**** Provided data

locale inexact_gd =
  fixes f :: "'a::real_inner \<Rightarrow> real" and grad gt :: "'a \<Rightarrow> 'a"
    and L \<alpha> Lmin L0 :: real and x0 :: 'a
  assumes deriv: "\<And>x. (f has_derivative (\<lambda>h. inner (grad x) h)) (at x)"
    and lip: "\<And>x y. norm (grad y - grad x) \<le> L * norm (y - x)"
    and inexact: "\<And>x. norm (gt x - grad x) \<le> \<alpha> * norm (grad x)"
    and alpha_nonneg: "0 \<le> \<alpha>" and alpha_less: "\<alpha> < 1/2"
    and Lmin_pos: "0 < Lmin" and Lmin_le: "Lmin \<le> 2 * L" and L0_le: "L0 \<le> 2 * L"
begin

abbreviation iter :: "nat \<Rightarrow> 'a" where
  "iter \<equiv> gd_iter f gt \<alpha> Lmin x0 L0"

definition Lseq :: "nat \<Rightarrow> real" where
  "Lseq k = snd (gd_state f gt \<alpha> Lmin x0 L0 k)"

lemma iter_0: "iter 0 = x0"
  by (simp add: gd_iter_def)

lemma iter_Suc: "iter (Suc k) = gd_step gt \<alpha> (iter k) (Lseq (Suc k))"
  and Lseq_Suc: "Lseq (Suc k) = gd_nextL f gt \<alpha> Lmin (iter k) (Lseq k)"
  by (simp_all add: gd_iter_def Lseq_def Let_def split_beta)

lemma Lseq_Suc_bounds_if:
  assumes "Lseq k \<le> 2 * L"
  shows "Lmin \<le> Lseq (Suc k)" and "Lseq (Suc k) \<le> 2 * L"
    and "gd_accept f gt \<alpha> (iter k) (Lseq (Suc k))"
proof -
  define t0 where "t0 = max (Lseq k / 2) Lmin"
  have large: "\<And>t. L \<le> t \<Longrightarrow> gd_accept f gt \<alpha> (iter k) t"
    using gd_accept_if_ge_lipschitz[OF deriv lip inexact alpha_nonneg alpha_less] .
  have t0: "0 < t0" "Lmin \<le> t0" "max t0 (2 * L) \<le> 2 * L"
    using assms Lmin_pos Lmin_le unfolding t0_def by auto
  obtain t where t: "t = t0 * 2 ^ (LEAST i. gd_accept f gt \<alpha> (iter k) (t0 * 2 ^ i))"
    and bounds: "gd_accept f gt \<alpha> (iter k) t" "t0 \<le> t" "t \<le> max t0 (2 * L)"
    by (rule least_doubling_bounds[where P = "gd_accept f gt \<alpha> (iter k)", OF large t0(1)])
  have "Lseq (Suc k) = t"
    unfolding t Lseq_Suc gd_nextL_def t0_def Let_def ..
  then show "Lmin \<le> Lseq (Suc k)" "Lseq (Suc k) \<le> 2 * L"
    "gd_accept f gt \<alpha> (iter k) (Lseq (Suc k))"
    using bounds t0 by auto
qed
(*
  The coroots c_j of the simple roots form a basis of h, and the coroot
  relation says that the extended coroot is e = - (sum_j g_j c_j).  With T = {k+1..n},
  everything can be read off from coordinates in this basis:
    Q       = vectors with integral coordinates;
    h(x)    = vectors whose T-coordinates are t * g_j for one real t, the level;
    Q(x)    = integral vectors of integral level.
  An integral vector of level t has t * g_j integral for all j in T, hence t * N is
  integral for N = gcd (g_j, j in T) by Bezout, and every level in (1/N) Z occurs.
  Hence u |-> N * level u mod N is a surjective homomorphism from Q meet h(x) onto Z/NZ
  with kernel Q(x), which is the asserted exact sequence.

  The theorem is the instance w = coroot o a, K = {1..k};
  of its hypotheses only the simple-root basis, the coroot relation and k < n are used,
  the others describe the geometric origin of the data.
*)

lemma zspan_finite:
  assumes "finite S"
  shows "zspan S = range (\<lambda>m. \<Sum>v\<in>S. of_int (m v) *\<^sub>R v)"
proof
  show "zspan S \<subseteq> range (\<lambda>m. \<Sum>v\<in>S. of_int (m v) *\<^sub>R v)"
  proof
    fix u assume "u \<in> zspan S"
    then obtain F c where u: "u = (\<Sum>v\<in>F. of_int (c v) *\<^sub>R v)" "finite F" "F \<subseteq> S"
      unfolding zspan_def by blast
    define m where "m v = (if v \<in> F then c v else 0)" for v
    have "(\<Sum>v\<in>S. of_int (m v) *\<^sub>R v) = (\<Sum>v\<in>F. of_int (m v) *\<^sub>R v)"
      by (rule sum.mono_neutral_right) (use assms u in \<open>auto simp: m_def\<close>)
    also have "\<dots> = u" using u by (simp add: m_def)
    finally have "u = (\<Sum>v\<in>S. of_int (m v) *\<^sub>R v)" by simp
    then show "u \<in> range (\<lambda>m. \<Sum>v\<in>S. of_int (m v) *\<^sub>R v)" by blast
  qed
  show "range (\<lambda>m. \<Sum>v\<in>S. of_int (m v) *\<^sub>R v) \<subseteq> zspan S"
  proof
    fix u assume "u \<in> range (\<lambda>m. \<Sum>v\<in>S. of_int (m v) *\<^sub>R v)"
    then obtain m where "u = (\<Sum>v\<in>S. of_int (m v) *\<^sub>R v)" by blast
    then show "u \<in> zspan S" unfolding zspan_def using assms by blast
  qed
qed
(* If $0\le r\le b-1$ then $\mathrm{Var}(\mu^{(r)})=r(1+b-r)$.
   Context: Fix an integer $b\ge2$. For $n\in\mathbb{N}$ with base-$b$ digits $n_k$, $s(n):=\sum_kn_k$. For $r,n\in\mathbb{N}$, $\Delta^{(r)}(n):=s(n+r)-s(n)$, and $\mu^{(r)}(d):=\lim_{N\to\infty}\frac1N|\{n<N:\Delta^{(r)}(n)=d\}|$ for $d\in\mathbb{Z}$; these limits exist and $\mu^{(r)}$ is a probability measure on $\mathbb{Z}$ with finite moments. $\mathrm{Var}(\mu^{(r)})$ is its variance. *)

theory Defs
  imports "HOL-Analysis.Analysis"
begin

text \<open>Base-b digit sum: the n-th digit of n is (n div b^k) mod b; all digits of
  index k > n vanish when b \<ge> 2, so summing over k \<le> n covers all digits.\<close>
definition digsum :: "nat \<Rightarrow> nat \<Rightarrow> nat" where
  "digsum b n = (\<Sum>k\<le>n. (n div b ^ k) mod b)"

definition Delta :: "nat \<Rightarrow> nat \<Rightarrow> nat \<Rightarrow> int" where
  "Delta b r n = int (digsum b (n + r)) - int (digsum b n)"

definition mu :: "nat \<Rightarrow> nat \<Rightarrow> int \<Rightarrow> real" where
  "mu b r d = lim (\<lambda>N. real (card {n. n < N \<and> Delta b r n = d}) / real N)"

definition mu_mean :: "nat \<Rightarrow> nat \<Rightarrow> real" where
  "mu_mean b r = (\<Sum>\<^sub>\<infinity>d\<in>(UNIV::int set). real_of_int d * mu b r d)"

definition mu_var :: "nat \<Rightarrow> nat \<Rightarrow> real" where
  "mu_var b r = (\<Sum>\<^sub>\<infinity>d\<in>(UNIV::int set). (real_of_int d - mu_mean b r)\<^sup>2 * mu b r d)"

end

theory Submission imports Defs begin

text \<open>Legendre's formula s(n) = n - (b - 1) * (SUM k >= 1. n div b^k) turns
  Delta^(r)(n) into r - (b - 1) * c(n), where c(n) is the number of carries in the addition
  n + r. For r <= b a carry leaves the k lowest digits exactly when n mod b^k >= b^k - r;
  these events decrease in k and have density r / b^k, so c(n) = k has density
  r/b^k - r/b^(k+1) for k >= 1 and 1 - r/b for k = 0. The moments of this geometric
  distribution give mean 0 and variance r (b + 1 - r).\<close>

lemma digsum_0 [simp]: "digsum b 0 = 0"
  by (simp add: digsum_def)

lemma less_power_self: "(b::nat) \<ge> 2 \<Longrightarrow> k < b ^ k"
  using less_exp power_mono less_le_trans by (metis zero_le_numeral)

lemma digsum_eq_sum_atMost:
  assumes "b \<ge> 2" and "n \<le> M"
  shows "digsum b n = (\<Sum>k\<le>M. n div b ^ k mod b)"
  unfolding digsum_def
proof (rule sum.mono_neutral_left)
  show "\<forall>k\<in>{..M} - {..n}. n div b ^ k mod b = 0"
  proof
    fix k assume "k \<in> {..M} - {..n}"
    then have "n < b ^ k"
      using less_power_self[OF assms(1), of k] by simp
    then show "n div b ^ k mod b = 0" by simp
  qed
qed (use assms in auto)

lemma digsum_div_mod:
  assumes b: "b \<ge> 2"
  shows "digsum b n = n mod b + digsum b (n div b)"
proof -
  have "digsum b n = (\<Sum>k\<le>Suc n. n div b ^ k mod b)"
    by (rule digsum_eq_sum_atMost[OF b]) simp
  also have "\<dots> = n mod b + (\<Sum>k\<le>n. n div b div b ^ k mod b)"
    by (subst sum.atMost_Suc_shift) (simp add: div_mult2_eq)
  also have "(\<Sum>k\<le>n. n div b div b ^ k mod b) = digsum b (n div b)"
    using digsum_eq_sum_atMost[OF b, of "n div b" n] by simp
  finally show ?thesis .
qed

********

Work task: Using the data above, extract exactly the lines from the one that holds "(simp add: m_def)" to the one that holds "v) \<subseteq> zspan", both ends included, and no others.

Written response:
    also have "\<dots> = u" using u by (simp add: m_def)
    finally have "u = (\<Sum>v\<in>S. of_int (m v) *\<^sub>R v)" by simp
    then show "u \<in> range (\<lambda>m. \<Sum>v\<in>S. of_int (m v) *\<^sub>R v)" by blast
  qed
  show "range (\<lambda>m. \<Sum>v\<in>S. of_int (m v) *\<^sub>R v) \<subseteq> zspan S"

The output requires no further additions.